• [DATA FOR THIS EXERCISE]

(* Let $\mathcal{S}$ be a category with $\Delta_1^*\subset\mathcal{S}\subset\mathbf{Pos}$ subcategories and $\Delta_1^*$ wide in $\mathcal{S}$. The following are equivalent: (1) every $\mathcal{S}$-morphism maps each $1$-dimensional interval onto an interval; (2) $\mathcal{S}$ does not contain the diagonal $[1]\to[1]^2$, $x\mapsto(x,x)$.
   Context: $[1]=\{0<1\}$, $[1]^n$ the product poset with componentwise order ($[1]^0=[0]$). An interval in a poset $P$ is a non-empty subset $[x,z]_P=\{y:x\leq y\leq z\}$; a $1$-dimensional interval in $[1]^n$ is one isomorphic to $[1]$, i.e. $\{x,y\}$ with $x<y$ differing in exactly one coordinate. $\Delta_1^*$ is the smallest subcategory of $\mathbf{Set}$ containing all functions between $[0]$ and $[1]$ and closed under Cartesian products of functions; its objects are the $[1]^n$ and it is generated by cofaces and codegeneracies (coordinate projections). "Wide" means $\mathcal{S}$ has the same objects as $\Delta_1^*$. $\mathbf{Pos}$ is the category of posets and monotone functions. *)

theory Defs
  imports Main
begin

text \<open>The cube [1]^n is represented by boolean lists of length n (False < True),
  ordered componentwise.\<close>

definition cube :: "nat \<Rightarrow> bool list set" where
  "cube n = {xs. length xs = n}"

definition cleq :: "bool list \<Rightarrow> bool list \<Rightarrow> bool" where
  "cleq xs ys \<longleftrightarrow> list_all2 (\<le>) xs ys"

definition maps_cube :: "nat \<Rightarrow> nat \<Rightarrow> (bool list \<Rightarrow> bool list) \<Rightarrow> bool" where
  "maps_cube m n f \<longleftrightarrow> (\<forall>x\<in>cube m. f x \<in> cube n)"

definition mono_cube :: "nat \<Rightarrow> (bool list \<Rightarrow> bool list) \<Rightarrow> bool" where
  "mono_cube m f \<longleftrightarrow> (\<forall>x\<in>cube m. \<forall>y\<in>cube m. cleq x y \<longrightarrow> cleq (f x) (f y))"

text \<open>Two functions represent the same morphism out of [1]^m.\<close>
definition agree :: "nat \<Rightarrow> (bool list \<Rightarrow> bool list) \<Rightarrow> (bool list \<Rightarrow> bool list) \<Rightarrow> bool" where
  "agree m f g \<longleftrightarrow> (\<forall>x\<in>cube m. f x = g x)"

text \<open>Delta_1^*: the smallest subcategory containing the (monotone) maps between [0] and [1]
  and closed under Cartesian products of maps ([1]^a x [1]^c identified with [1]^(a+c)
  by concatenation).\<close>
inductive delta1star :: "nat \<Rightarrow> nat \<Rightarrow> (bool list \<Rightarrow> bool list) \<Rightarrow> bool" where
  gen: "a \<le> 1 \<Longrightarrow> b \<le> 1 \<Longrightarrow> maps_cube a b f \<Longrightarrow> mono_cube a f \<Longrightarrow> delta1star a b f"
| ident: "delta1star n n id"
| comp: "delta1star m n f \<Longrightarrow> delta1star n k g \<Longrightarrow> delta1star m k (g \<circ> f)"
| prod: "delta1star a b f \<Longrightarrow> delta1star c d g \<Longrightarrow>
          delta1star (a + c) (b + d) (\<lambda>xs. f (take a xs) @ g (drop a xs))"

text \<open>S (a wide subcategory of Pos on the objects [1]^n) given by a predicate on
  hom-sets; functions are considered only on their domain cube.\<close>
definition cube_cat :: "(nat \<Rightarrow> nat \<Rightarrow> (bool list \<Rightarrow> bool list) \<Rightarrow> bool) \<Rightarrow> bool" where
  "cube_cat S \<longleftrightarrow>
     (\<forall>m n f. S m n f \<longrightarrow> maps_cube m n f \<and> mono_cube m f) \<and>
     (\<forall>m n k f g. S m n f \<longrightarrow> S n k g \<longrightarrow> (\<exists>h. S m k h \<and> agree m h (g \<circ> f))) \<and>
     (\<forall>m n f. delta1star m n f \<longrightarrow> (\<exists>g. S m n g \<and> agree m g f))"

definition one_dim_interval :: "nat \<Rightarrow> bool list \<Rightarrow> bool list \<Rightarrow> bool" where
  "one_dim_interval m x y \<longleftrightarrow> x \<in> cube m \<and> y \<in> cube m \<and> cleq x y \<and> x \<noteq> y \<and>
     card {i. i < m \<and> x ! i \<noteq> y ! i} = 1"

definition is_interval :: "nat \<Rightarrow> bool list set \<Rightarrow> bool" where
  "is_interval n A \<longleftrightarrow> (\<exists>a\<in>cube n. \<exists>c\<in>cube n. cleq a c \<and>
      A = {b\<in>cube n. cleq a b \<and> cleq b c})"

end

theory Submission
  imports Defs
begin

(* A monotone map sends a 1-dimensional interval x < y to a pair f x \<le> f y, which is an
   interval unless f x and f y differ in two coordinates i < j. In that case the line
   [1] \<rightarrow> [1]^m through x and y, followed by f and by the projection [1]^n \<rightarrow> [1]^2 onto
   the coordinates i and j, is the diagonal; the line and the projection lie in \<Delta>_1^*, so the
   diagonal lies in S. Conversely, the diagonal maps [0] < [1] onto {00, 11}, which is no
   interval. *)

lemma cleq_iff_nth:
  "cleq xs ys \<longleftrightarrow> length xs = length ys \<and> (\<forall>i<length xs. xs ! i \<le> ys ! i)"
  by (simp add: cleq_def list_all2_conv_all_nth)

lemma cube_interval_eq_endpoints:
  assumes a: "a \<in> cube n" and ac: "cleq a c"
    and at_most_one: "\<And>i j. i < n \<Longrightarrow> j < n \<Longrightarrow> a ! i \<noteq> c ! i \<Longrightarrow> a ! j \<noteq> c ! j \<Longrightarrow> i = j"
  shows "{b \<in> cube n. cleq a b \<and> cleq b c} = {a, c}"
proof (intro equalityI subsetI)
  fix b assume "b \<in> {b \<in> cube n. cleq a b \<and> cleq b c}"
  then have b: "length b = n" and ab: "cleq a b" and bc: "cleq b c" by (auto simp: cube_def)
  have len: "length a = n" "length c = n" using a ac by (auto simp: cube_def cleq_iff_nth)
  show "b \<in> {a, c}"
  proof (rule ccontr)
    assume "b \<notin> {a, c}"
    then have "b \<noteq> a" "b \<noteq> c" by auto
    then have "\<exists>i<n. b ! i \<noteq> a ! i" "\<exists>j<n. b ! j \<noteq> c ! j"
      using b len by (auto intro: nth_equalityI)
    then obtain i j where i: "i < n" "b ! i \<noteq> a ! i" and j: "j < n" "b ! j \<noteq> c ! j"
      by blast
    have "\<not> a ! i" "b ! i" "c ! i" "\<not> a ! j" "\<not> b ! j" "c ! j"
      using i j ab bc b len by (auto simp: cleq_iff_nth le_bool_def)
    moreover have "i = j" using at_most_one i(1) j(1) calculation by auto
    ultimately show False by simp
  qed
next
  fix b assume "b \<in> {a, c}"
  then show "b \<in> {b \<in> cube n. cleq a b \<and> cleq b c}"
    using a ac by (auto simp: cube_def cleq_iff_nth)
qed

lemma is_interval_endpoints:
  assumes "a \<in> cube n" "cleq a c"
    and "\<And>i j. i < n \<Longrightarrow> j < n \<Longrightarrow> a ! i \<noteq> c ! i \<Longrightarrow> a ! j \<noteq> c ! j \<Longrightarrow> i = j"
  shows "is_interval n {a, c}"
proof -
  have "c \<in> cube n" using assms(1,2) by (simp add: cube_def cleq_iff_nth)
  then show ?thesis
    unfolding is_interval_def using assms cube_interval_eq_endpoints[OF assms] by blast
qed

lemma diagonal_not_interval: "\<not> is_interval 2 {[False, False], [True, True]}"
proof
  assume "is_interval 2 {[False, False], [True, True]}"
  then obtain a c
    where ac: "{[False, False], [True, True]} = {b \<in> cube 2. cleq a b \<and> cleq b c}"
    unfolding is_interval_def by (elim bexE conjE) (rule that)
  have "[False, False] \<in> {b \<in> cube 2. cleq a b \<and> cleq b c}"
    and "[True, True] \<in> {b \<in> cube 2. cleq a b \<and> cleq b c}"
    unfolding ac[symmetric] by simp_all
  then have "cleq a [False, True]" "cleq [False, True] c"
    by (auto simp: cleq_def list_all2_Cons1 list_all2_Cons2)
  then have "[False, True] \<in> {b \<in> cube 2. cleq a b \<and> cleq b c}"
    by (simp add: cube_def)
  then show False unfolding ac[symmetric] by simp
qed

lemma one_dim_interval_unit: "one_dim_interval 1 [False] [True]"
proof -
  have "{i. i < (1::nat) \<and> [False] ! i \<noteq> [True] ! i} = {0}" by auto
  then show ?thesis by (simp add: one_dim_interval_def cube_def cleq_def)
qed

• [ACTIVITY] The word "proof" may appear in lines of the entries. State how many lines hold it, as a number alone.

• [EXERCISE RESULT] 5